Collected data entries:
lemma commutator_central: "br x y \<in> lie_center br"
  by (simp add: lie_center_def two_step)

lemma nijenhuis_center:
  assumes "s \<in> lie_center br"
  shows "br (J s) (J y) = J (br (J s) y)"
  using integrable[of s y] assms
  by (simp add: nijenhuis_def bracket_center_left linear_0[OF linear_J])

lemma torsion_center_left:
  assumes "s \<in> lie_center br" "J s \<in> lie_center br"
  shows "torsion br J s y z = - inner (br (J y) (J z)) s"
  using assms by (simp add: torsion_def bracket_center_left bracket_center_right inner_commute)

lemma pluriclosed_J_center:
  assumes "pluriclosed br J" and s: "s \<in> lie_center br"
  shows "J s \<in> lie_center br"
proof -
  have "br (J s) t = 0" for t
  proof -
    define d where "d = br (J s) t"
    have Jd: "br (J s) (J t) = J d"
      unfolding d_def using s by (rule nijenhuis_center)
    have d_central: "d \<in> lie_center br" "J d \<in> lie_center br"
      using commutator_central[of "J s" t] commutator_central[of "J s" "J t"]
      by (simp_all add: Jd flip: d_def)
    have t1: "torsion br J (br t (J s)) s (J t) = - inner d d"
    proof -
      have "br t (J s) = - d"
        unfolding d_def by (rule anticomm)
      then show ?thesis
        using s d_central
        by (simp add: torsion_def bilinear_lneg[OF bilinear] bilinear_rneg[OF bilinear]
            linear_neg[OF linear_J] J_J bracket_center_left bracket_center_right flip: d_def)
    qed
    have t2: "torsion br J (br t (J t)) s (J s) = 0"
      using s nijenhuis_center[OF commutator_central, of t "J t" s]
      by (simp add: torsion_def J_J linear_0[OF linear_J] bilinear_lneg[OF bilinear]
          bilinear_rneg[OF bilinear] bracket_center_left bracket_center_right)
    have t3: "torsion br J (br (J s) (J t)) s t = - inner d d"
    proof -
      have "J (J d) \<in> lie_center br"
        using d_central subspace_center by (simp add: J_J subspace_neg)
      then show ?thesis
        using d_central by (simp add: Jd torsion_center_left hermitian)
    qed
    have "ce_d3 br (torsion br J) s t (J s) (J t) = 0"
      using assms(1) by (simp add: pluriclosed_def)
    moreover have torsion_0: "torsion br J 0 y z = 0" for y z
      by (simp add: torsion_def linear_0[OF linear_J] bilinear_lzero[OF bilinear]
          bilinear_rzero[OF bilinear])
    ultimately have "2 * inner d d = 0"
      using s by (simp add: ce_d3_def bracket_center_left t1 t2 t3)
    then show ?thesis
      by (simp add: d_def)
  qed
  then show ?thesis
    by (simp add: lie_center_def)
qed

lemma ce_d3_torsion_eq:
  assumes "\<And>x y. J (br x y) \<in> lie_center br"
  shows "ce_d3 br (torsion br J) w u y z = two_step_dc br J w u y z"
  by (simp add: ce_d3_def two_step_dc_def torsion_center_left commutator_central assms
      inner_commute)

lemma pluriclosed_iff:
  "pluriclosed br J \<longleftrightarrow>
    (\<forall>x y. J (br x y) \<in> lie_center br) \<and> (\<forall>w u y z. two_step_dc br J w u y z = 0)"
  using pluriclosed_J_center[OF _ commutator_central] ce_d3_torsion_eq
  by (auto simp: pluriclosed_def)

lemma abelian_J_commutator_central:
  assumes "abelian_cs br J"
  shows "J (br x y) \<in> lie_center br"
  using assms[unfolded abelian_cs_def, rule_format, of "J (br x y)"]
  by (simp add: lie_center_def J_J bilinear_lneg[OF bilinear] two_step)

lemma abelian_pluriclosed_iff:
  assumes "abelian_cs br J"
  shows "pluriclosed br J \<longleftrightarrow> (\<forall>w u y z. bracket_cycle_form br w u y z = 0)"
  using assms by (simp add: pluriclosed_iff abelian_J_commutator_central abelian_two_step_dc)

end

theorem mainTheorem16:
  fixes br :: "'a::euclidean_space \<Rightarrow> 'a \<Rightarrow> 'a" and J :: "'a \<Rightarrow> 'a"
  assumes "lie_algebra br" and "complex_structure br J" and "hermitian J"
    and "two_step_nilpotent br"
  shows "(pluriclosed br J \<longleftrightarrow>
           t_step br J 2 \<and>
           (\<forall>w u y z.
              inner (br (J y) (J z)) (br w u) - inner (br (J u) (J z)) (br w y)
            + inner (br (J u) (J y)) (br w z) + inner (br (J w) (J z)) (br u y)
            - inner (br (J w) (J y)) (br u z) + inner (br (J w) (J u)) (br y z) = 0))
       \<and> (abelian_cs br J \<longrightarrow>
           (pluriclosed br J \<longleftrightarrow>
             (\<forall>u \<in> orthogonal_comp (lie_center br). \<forall>y \<in> orthogonal_comp (lie_center br).
              \<forall>z \<in> orthogonal_comp (lie_center br).
                jmap br (br u y) z + jmap br (br y z) u + jmap br (br z u) y = 0)))"
proof -
  interpret hermitian_two_step br J
    using assms unfolding lie_algebra_def complex_structure_def hermitian_def two_step_nilpotent_def
    by (intro hermitian_two_step.intro alternating_bilinear.intro hermitian_two_step_axioms.intro) auto
  show ?thesis
    unfolding two_step_dc_def[symmetric] t_step_2_iff[OF assms(4)]
      jmap_cycle_eq_0_iff[OF alternating_bilinear_axioms]
    using pluriclosed_iff abelian_pluriclosed_iff by blast
qed

end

What you should do:
The lines from the beginning of the records through the line containing "using integrable[of s y] assms" should be reproduced exactly. Include nothing else.

Response area:
lemma commutator_central: "br x y \<in> lie_center br"
  by (simp add: lie_center_def two_step)

lemma nijenhuis_center:
  assumes "s \<in> lie_center br"
  shows "br (J s) (J y) = J (br (J s) y)"
  using integrable[of s y] assms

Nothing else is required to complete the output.